An interesting question is, whether the ancestors of the current ratite birds ever flew at all; the lack of a keeled breastbone would seem to indicate that as possible if not probable. -Did flying evolve after feathers, in the ancestors of birds? Supposing that no ratite ancestor ever evolved the anatomy of flying, that would indicate that the common ancestor of both groups of birds (ratite and non-ratite) was not so much 'winged' as 'beaked and flexy-necked and feathered'.
- In which case, what bird needs Archaeopteryx as an ancestor?

If a proto-ratite was the ur-bird, that would indicate that beaks and the associated flexing/snakelike neck evolved first, and implied anatomical weight-reduction, incidentally the first evolutionary step needed for the development of flying ability.
All modern birds show signs of such reduction all over their anatomy: the beak lacks teeth, the feet and lower legs are bony and (usually) featherless and rather fleshless, the entire bony tail structure is reduced to almost nothing, brains and heads are not large, and in many cases structural bones are hollow. Weight-reduction can be seen as necessary for the beak-and-neck combination to be effective: for a beak to strike rapidly, it cannot be slowed by a large head or heavy brain; if it is effective, no multi-digited forelimbs are needed for grasping, so forelimbs rudiment in the direction of wings (or down to almost nothing); feet needn't be weapons and don't have to support as much weight, so they also tend to become more fragile.
A creature of this sort being warm-blooded, it needs insulation over its body surface, and thus was feathered (by sheer chance at first - but think: how could wing pinion feathers and tail feathers have evolved from hair? any creature that could fly had to either have stretched skin dependent on bones (as bats/chiroptera, and pterodactyls among the dinosaurs), or... feathers.)

A nearly impossible fantasy - "Birds with hands":
The Hoatzin bird, as a chick, has finger-claws on its wings.
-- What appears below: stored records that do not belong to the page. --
(* Let $\Psi=\{S_j\mid j\in J\}$ be a family of formal power series $S_j:\Sigma^*\to\mathbb{R}^p$ indexed by a finite set $J$. (i) If $\Psi$ admits a stable representation, then $\Psi$ is square summable. (ii) If $\Psi$ is square summable, then every minimal representation of $\Psi$ is stable.
   Context: $\Sigma$ is a finite alphabet, $\Sigma^*$ the set of finite words over $\Sigma$ (including the empty word $\epsilon$). For matrices $A_\sigma$ ($\sigma\in\Sigma$) and $w=\sigma_1\cdots\sigma_k$, write $A_w=A_{\sigma_k}\cdots A_{\sigma_1}$, $A_\epsilon=I$. A representation of $\Psi$ is a tuple $R=(\mathbb{R}^n,\{A_\sigma\}_{\sigma\in\Sigma},B,C)$ with $A_\sigma\in\mathbb{R}^{n\times n}$, $C\in\mathbb{R}^{p\times n}$, $B=\{B_j\in\mathbb{R}^n\mid j\in J\}$, such that $S_j(w)=CA_wB_j$ for all $j\in J$, $w\in\Sigma^*$; its dimension is $n$. $\Psi$ is rational if it has a representation. A representation is minimal if no representation of $\Psi$ has smaller dimension. $R$ is stable if all eigenvalues of $\sum_{\sigma\in\Sigma}A_\sigma^T\otimes A_\sigma^T$ have modulus $<1$. $\Psi$ is square summable if $\sum_{w\in\Sigma^*}\|S_j(w)\|_2^2<\infty$ for every $j\in J$. *)

theory Defs
  imports "HOL-Analysis.Analysis" "Jordan_Normal_Form.Char_Poly"
begin

definition kron :: "'b::times mat \<Rightarrow> 'b mat \<Rightarrow> 'b mat" where
  "kron X Y = mat (dim_row X * dim_row Y) (dim_col X * dim_col Y)
     (\<lambda>(r, c). X $$ (r div dim_row Y, c div dim_col Y) * Y $$ (r mod dim_row Y, c mod dim_col Y))"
Modern genetics (from what I understand) says that this is owing to the genes for fingers not having been lost, just deactivated, to cause the rudimenting down to a fingerless unbranched limb that constitutes a bird's wing. Being deactivated, they can reappear in the juvenile Hoatzin by reactivation. (?)
If this is so, someday a bird (presumably flightless but not necessarily ratite) may have hands again. Of what usefulness would that be? Only, perhaps, for the multiple-grasp holding of objects in the way of tools, or perhaps to aid the rending or rendering of food.   If either of those, then A) the creature would be somewhat intelligent, more so than a monkey if not as much as a man, and B) it might reduce the length/number of its neck bones, and not peck at things as much.
Such a fantastical creature would be feathered and beaked, but not really a bird any longer. It would merely be descended from a bird.